In High Pressure High Temperature “HPHT” wells (pressure above 10000psi/690bar temperature above 300°F/150°C which contain CO2 (sweet corrosion) and H2S (sour service) the oil & gas operators need to select materials which are resistant in corrosive atmosphere during the well lifetime. At the same time high strength grades are usually required to meet collapse and burst properties. The aim of the end users is to get the specific grade which can resist to corrosion while minimizing the cost which involves qualification with corrosion tests.The API 5CRA standard defines corrosion resistant alloy (CRA) grades for casings and tubings from group 1 named “Super 13Cr 13-5-2” (suitable up to 356°F/180°C) to group 2 “Duplex” grades 22-5-3 (450°F/232°C) or “Super Duplex” 25-7-4 (482°F/250°C) and higher grades.Therefore when the well temperature is above 356°F/180°C duplex grades or higher are commonly selected as these materials have a larger application domain at higher temperature range.A new proprietary grade chemistry was developed to provide good corrosion performances up to 230°C 125ksi (862MPa) grade material and high impact toughness.

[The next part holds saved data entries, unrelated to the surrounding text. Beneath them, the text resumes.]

lemma \<epsilon>_eq_0_if_abelian:
  assumes abelian: "\<And>X Y. br X Y = 0" and Y1: "\<delta> Y1 \<noteq> 0"
  shows "\<epsilon> = 0"
proof (rule ccontr)
  assume \<epsilon>: "\<epsilon> \<noteq> 0"
  have nab0: "nab X Y = 0" for X Y using nab_eq_0_if_abelian abelian by blast
  have \<gamma>_scaleR_\<epsilon>: "\<gamma> X Y *\<^sub>R \<epsilon> = \<delta> Y *\<^sub>R \<mu> X" for X Y using \<mu>_nab[of X Y] by (simp add: nab0)
  define \<kappa> where "\<kappa> X = \<gamma> X Y1 / \<delta> Y1" for X
  have \<mu>\<kappa>: "\<mu> X = \<kappa> X *\<^sub>R \<epsilon>" for X
  proof -
    have "\<mu> X = inverse (\<delta> Y1) *\<^sub>R (\<delta> Y1 *\<^sub>R \<mu> X)" using Y1 by simp
    also have "\<dots> = \<kappa> X *\<^sub>R \<epsilon>" by (simp add: \<gamma>_scaleR_\<epsilon>[symmetric] \<kappa>_def divide_inverse mult.commute)
    finally show ?thesis .
  qed
  have \<gamma>\<kappa>: "\<gamma> X Y = \<delta> Y * \<kappa> X" for X Y
    using \<gamma>_scaleR_\<epsilon>[of X Y] \<epsilon> by (simp add: \<mu>\<kappa>)
  have \<theta>\<kappa>: "\<theta> = wedge \<kappa> \<delta>"
    by (intro ext) (simp add: wedge_def \<gamma>_commutator[symmetric] \<gamma>\<kappa> mult.commute)
  have rel: "\<delta> \<epsilon> * \<kappa> X * \<kappa> Y + \<delta> X * \<delta> Y = \<sigma> * (\<delta> Y * \<kappa> X)" for X Y
  proof -
    have "\<gamma> X (\<mu> Y) = \<kappa> Y * (\<delta> \<epsilon> * \<kappa> X)"
      by (simp add: \<mu>\<kappa> linear_scale[OF linear_\<gamma>] \<gamma>\<kappa>[of X \<epsilon>])
    then show ?thesis using \<delta>_nab[of X Y] \<gamma>\<kappa>[of X Y] by (simp add: nab0 algebra_simps)
  qed
  have "Y1 \<noteq> 0" using Y1 by auto
  then obtain V where V: "\<theta> Y1 V = 1" using exists_\<theta>_eq_1 by blast
  \<comment> \<open>The left-hand side of rel is symmetric in X and Y, so \<sigma> \<theta> = 0.\<close>
  have "\<sigma> * wedge \<kappa> \<delta> Y1 V = 0"
    using rel[of Y1 V] rel[of V Y1] unfolding wedge_def by algebra
  then have \<sigma>: "\<sigma> = 0" using V by (simp add: \<theta>\<kappa>)
  \<comment> \<open>Then rel at X = Y1 makes \<delta> a multiple of \<kappa>, so \<theta> = wedge \<kappa> \<delta> degenerates.\<close>
  define t where "t = - \<delta> \<epsilon> * \<kappa> Y1 / \<delta> Y1"
  have "\<delta> Y = t * \<kappa> Y" for Y
    using rel[of Y1 Y] Y1 by (simp add: \<sigma> t_def field_simps)
  then have "\<theta> Y1 V = 0" by (simp add: \<theta>\<kappa> wedge_def)
  with V show False by simp
qed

From a metallurgical standpoint achieving targeted mechanical and corrosion performances has ended up in a multi-phases material (martensite delta ferrite and austenite). Most of the performances are mainly controlled by the phases balance which alloy optimization has enabled consistent control by heat treatment.Stress corrosion cracking performances were assessed and compared to Super 13Cr and Super Duplex materials showing significant benefice of chromium under high temperature. Potentiodynamic electrochemical measurements in H2S environment were performed at 24°C in order to evaluate pitting performance and assess risk of sulfide stress corrosion cracking confirming higher sulfide stress corrosion performance compared to S13Cr materials. X-ray Photoelectron Spectroscopy (XPS) characterizations provide deep knowledge about it passive film compositions underlining the beneficial effect of high chromium within the grade.This solution offers to Oil and Gas operators a cost effective designed seamless tubes for high temperature well reservoir condition as alternative to duplex materials.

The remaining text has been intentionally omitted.